Examine each line of the data, and copy the ones containing "frontier".

(Stored data entries)
──────────────────────────────

section \<open>Supporting normals and inner balls at smooth boundary points\<close>

lemma parallel_if_halfspace_nonpos:
  fixes a b :: "'a::real_inner"
  assumes "a \<noteq> 0" and nonpos: "\<And>v. a \<bullet> v < 0 \<Longrightarrow> b \<bullet> v \<le> 0"
  shows "\<exists>k. b = k *\<^sub>R a"
proof -
  define P where "P = b - (b \<bullet> a / (a \<bullet> a)) *\<^sub>R a"
  have aP: "a \<bullet> P = 0"
    using assms(1) by (simp add: P_def inner_diff_right inner_commute)
  have bP: "b \<bullet> P = P \<bullet> P"
    using aP by (simp add: P_def inner_diff_left inner_commute)
  have "P \<bullet> P \<le> \<epsilon> * (b \<bullet> a)" if "0 < \<epsilon>" for \<epsilon>
  proof -
    have "a \<bullet> (P - \<epsilon> *\<^sub>R a) < 0"
      using aP that assms(1) by (simp add: inner_diff_right)
    then have "b \<bullet> (P - \<epsilon> *\<^sub>R a) \<le> 0"
      by (rule nonpos)
    then show ?thesis
      using bP by (simp add: inner_diff_right inner_commute)
  qed
  then have "P \<bullet> P \<le> 0"
    by (intro tendsto_lowerbound[of "\<lambda>\<epsilon>. \<epsilon> * (b \<bullet> a)" 0 "at_right 0"])
       (auto intro!: tendsto_eq_intros eventually_at_rightI[of 0 1])
  then have "P = 0"
    by (metis inner_eq_zero_iff inner_ge_zero order_antisym)
  then show ?thesis
    unfolding P_def by (metis eq_iff_diff_eq_0)
qed

lemma linear_functional_eq_inner:
  fixes D :: "'a::euclidean_space \<Rightarrow> real"
  assumes "linear D"
  shows "D h = (\<Sum>b\<in>Basis. D b *\<^sub>R b) \<bullet> h"
proof -
  have "D h = D (\<Sum>b\<in>Basis. (h \<bullet> b) *\<^sub>R b)"
    by (simp add: euclidean_representation)
  also have "\<dots> = (\<Sum>b\<in>Basis. (h \<bullet> b) * D b)"
    by (simp add: linear_sum[OF assms] linear_scale[OF assms] o_def)
  also have "\<dots> = (\<Sum>b\<in>Basis. D b *\<^sub>R b) \<bullet> h"
    unfolding inner_sum_left by (intro sum.cong refl) (simp add: inner_commute)
  finally show ?thesis .
qed

lemma has_real_derivative_along_line:
  fixes g :: "'a::real_normed_vector \<Rightarrow> real"
  assumes "(g has_derivative D) (at (x + t *\<^sub>R v))"
  shows "((\<lambda>s. g (x + s *\<^sub>R v)) has_real_derivative D v) (at t)"
proof -
  interpret D: bounded_linear D
    using assms by (rule has_derivative_bounded_linear)
  have "((\<lambda>s. x + s *\<^sub>R v) has_derivative (\<lambda>s. s *\<^sub>R v)) (at t)"
    by (auto intro!: derivative_eq_intros)
  from has_derivative_compose[OF this assms] show ?thesis
    by (rule has_derivative_imp_has_field_derivative) (simp add: D.scale)
qed

lemma sublevel_descent:
  fixes g :: "'a::real_normed_vector \<Rightarrow> real"
  assumes "open U" "x \<in> U" "(g has_derivative D) (at x)" "g x \<le> 0" "D v < 0"
  shows "\<exists>t>0. x + t *\<^sub>R v \<in> U \<and> g (x + t *\<^sub>R v) \<le> 0"
proof -
  have "((\<lambda>s. g (x + s *\<^sub>R v)) has_real_derivative D v) (at 0)"
    using has_real_derivative_along_line[of g D x 0 v] assms(3) by simp
  then obtain d where "0 < d" and dec: "\<And>h. 0 < h \<Longrightarrow> h < d \<Longrightarrow> g (x + h *\<^sub>R v) < g x"
    using DERIV_neg_dec_right[OF _ assms(5)] by force
  obtain e where "0 < e" and e: "ball x e \<subseteq> U"
    using assms(1,2) open_contains_ball by blast
  define t where "t = min d (e / (norm v + 1)) / 2"
  have "0 < norm v + 1"
    using norm_ge_zero[of v] by linarith
  then have "0 < t" "t < d"
    using \<open>0 < d\<close> \<open>0 < e\<close> by (auto simp: t_def)
  have "t \<le> e / (norm v + 1) / 2"
    unfolding t_def by (intro divide_right_mono min.cobounded2) simp
  then have "t * (norm v + 1) < e"
    using \<open>0 < e\<close> \<open>0 < norm v + 1\<close> by (simp add: field_simps)
  then have "x + t *\<^sub>R v \<in> ball x e"
    using \<open>0 < t\<close> by (simp add: dist_norm algebra_simps)
  then show ?thesis
    using e dec[OF \<open>0 < t\<close> \<open>t < d\<close>] \<open>0 < t\<close> assms(4) by force
qed

lemma boundary_withE:
  assumes "boundary_with Ck X" and "p \<in> frontier X"
  obtains U g where "open U" "p \<in> U" "Ck U g"
    "\<And>z D. z \<in> U \<Longrightarrow> (g has_derivative D) (at z) \<Longrightarrow> D \<noteq> (\<lambda>h. 0)"
    "X \<inter> U = {z\<in>U. g z \<le> 0}"
  using assms unfolding boundary_with_def by metis

lemma C1_boundary_normals_parallel:
  fixes X :: "'a::euclidean_space set"
  assumes "C1_boundary X" and x: "x \<in> frontier X" "x \<in> X"
  obtains a where "a \<noteq> 0" "\<And>n. \<forall>z\<in>X. n \<bullet> (z - x) \<le> 0 \<Longrightarrow> \<exists>k. n = k *\<^sub>R a"
proof -
  obtain U and g :: "'a \<Rightarrow> real" where U: "open U" "x \<in> U" and "C1_on U g"
    and nz: "\<And>z D. z \<in> U \<Longrightarrow> (g has_derivative D) (at z) \<Longrightarrow> D \<noteq> (\<lambda>h. 0)"
    and XU: "X \<inter> U = {z\<in>U. g z \<le> 0}"
    using boundary_withE[OF assms(1) x(1)] by blast
  obtain D where gD: "(g has_derivative D) (at x)"
    using \<open>C1_on U g\<close> U(2) unfolding C1_on_def by blast
  define a where "a = (\<Sum>b\<in>Basis. D b *\<^sub>R b)"
  have Da: "D v = a \<bullet> v" for v
    unfolding a_def using gD by (intro linear_functional_eq_inner has_derivative_linear)
  have "a \<noteq> 0"
  proof
    assume "a = 0"
    then have "D = (\<lambda>h. 0)"
      using Da by (simp add: fun_eq_iff)
    then show False
      using nz[OF U(2) gD] by blast
  qed
  moreover have "\<exists>k. n = k *\<^sub>R a" if n: "\<forall>z\<in>X. n \<bullet> (z - x) \<le> 0" for n
  proof (rule parallel_if_halfspace_nonpos[OF \<open>a \<noteq> 0\<close>])
    fix v assume "a \<bullet> v < 0"
    have "g x \<le> 0"
      using XU x(2) U(2) by blast
    moreover have "D v < 0"
      using Da \<open>a \<bullet> v < 0\<close> by simp
    ultimately obtain t where "0 < t" "x + t *\<^sub>R v \<in> U" "g (x + t *\<^sub>R v) \<le> 0"
      using sublevel_descent[OF U gD] by blast
    then have "x + t *\<^sub>R v \<in> X"
      using XU by blast
    then have "t * (n \<bullet> v) \<le> 0"
      using n by force
    then show "n \<bullet> v \<le> 0"
      using \<open>0 < t\<close> by (simp add: mult_le_0_iff)
  qed
  ultimately show ?thesis
    using that by blast
qed

lemma differentiable_imp_lipschitz_at:
  assumes "f differentiable (at x)"
  obtains L d where "0 < L" "0 < d" "\<And>y. norm (y - x) < d \<Longrightarrow> norm (f y - f x) \<le> L * norm (y - x)"
proof -
  obtain f' where f': "(f has_derivative f') (at x)"
    using assms unfolding differentiable_def by blast
  obtain B where "0 < B" and B: "\<And>h. norm (f' h) \<le> norm h * B"
    using bounded_linear.pos_bounded[OF has_derivative_bounded_linear[OF f']] by blast
  obtain d where "0 < d" and d: "\<And>y. norm (y - x) < d \<Longrightarrow> norm (f y - f x - f' (y - x)) \<le> 1 * norm (y - x)"
    using f' zero_less_one unfolding has_derivative_at_alt by blast
  have "norm (f y - f x) \<le> (B + 1) * norm (y - x)" if "norm (y - x) < d" for y
    using norm_triangle_sub[of "f y - f x" "f' (y - x)"] d[OF that] B[of "y - x"]
    by (simp add: algebra_simps)
  then show ?thesis
    using that[of "B + 1" d] \<open>0 < B\<close> \<open>0 < d\<close> by simp
qed

lemma quadratic_upper_bound:
  fixes g :: "'a::real_inner \<Rightarrow> real"
  assumes deriv: "\<And>z. z \<in> ball x0 \<rho> \<Longrightarrow> (g has_derivative (\<lambda>h. G z \<bullet> h)) (at z)"
    and lip: "\<And>z. z \<in> ball x0 \<rho> \<Longrightarrow> norm (G z - G x0) \<le> L * norm (z - x0)"
    and "0 \<le> L" and z: "z \<in> ball x0 \<rho>"
  shows "g z \<le> g x0 + G x0 \<bullet> (z - x0) + L * (norm (z - x0))\<^sup>2"
proof -
  define h where "h = z - x0"
  have segment: "x0 + t *\<^sub>R h \<in> ball x0 \<rho>" "norm (t *\<^sub>R h) \<le> norm h" if "0 \<le> t" "t \<le> 1" for t
    using that z mult_left_le_one_le[of "norm h" t]
    by (auto simp: h_def dist_norm norm_minus_commute)
  have "((\<lambda>t. g (x0 + t *\<^sub>R h)) has_real_derivative G (x0 + t *\<^sub>R h) \<bullet> h) (at t)"
    if "0 \<le> t" "t \<le> 1" for t
    using has_real_derivative_along_line deriv[OF segment(1)[OF that]] by blast
  from MVT2[OF zero_less_one this] obtain \<xi> where \<xi>: "0 < \<xi>" "\<xi> < 1"
    and mvt: "g (x0 + 1 *\<^sub>R h) - g (x0 + 0 *\<^sub>R h) = (1 - 0) * (G (x0 + \<xi> *\<^sub>R h) \<bullet> h)"
    by blast
  have "G (x0 + \<xi> *\<^sub>R h) \<bullet> h = G x0 \<bullet> h + (G (x0 + \<xi> *\<^sub>R h) - G x0) \<bullet> h"
    by (simp add: inner_diff_left)
  also have "\<dots> \<le> G x0 \<bullet> h + norm (G (x0 + \<xi> *\<^sub>R h) - G x0) * norm h"
    using norm_cauchy_schwarz by simp
  also have "\<dots> \<le> G x0 \<bullet> h + L * norm h * norm h"
  proof -
    have "norm (G (x0 + \<xi> *\<^sub>R h) - G x0) \<le> L * norm (\<xi> *\<^sub>R h)"
      using lip[OF segment(1)] \<xi> by simp
    also have "\<dots> \<le> L * norm h"
      using segment(2) \<xi> \<open>0 \<le> L\<close> by (simp add: mult_left_mono)
    finally show ?thesis
      by (simp add: mult_right_mono)
  qed
  finally show ?thesis
    using mvt by (simp add: h_def power2_eq_square)
qed

lemma norm_add_le_imp_sq_inner_nonpos:
  fixes h w :: "'a::real_inner"
  assumes "norm (h + w) \<le> norm w"
  shows "(norm h)\<^sup>2 + 2 * (h \<bullet> w) \<le> 0"
proof -
  have "2 * (h \<bullet> w) = (norm (h + w))\<^sup>2 - (norm h)\<^sup>2 - (norm w)\<^sup>2"
    by (simp add: dot_norm)
  moreover have "(norm (h + w))\<^sup>2 \<le> (norm w)\<^sup>2"
    using assms by (simp add: power_mono)
  ultimately show ?thesis
    by linarith
qed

──────────────────────────────

■ RESULT OF THIS EXERCISE
  assumes "boundary_with Ck X" and "p \<in> frontier X"
  assumes "C1_boundary X" and x: "x \<in> frontier X" "x \<in> X"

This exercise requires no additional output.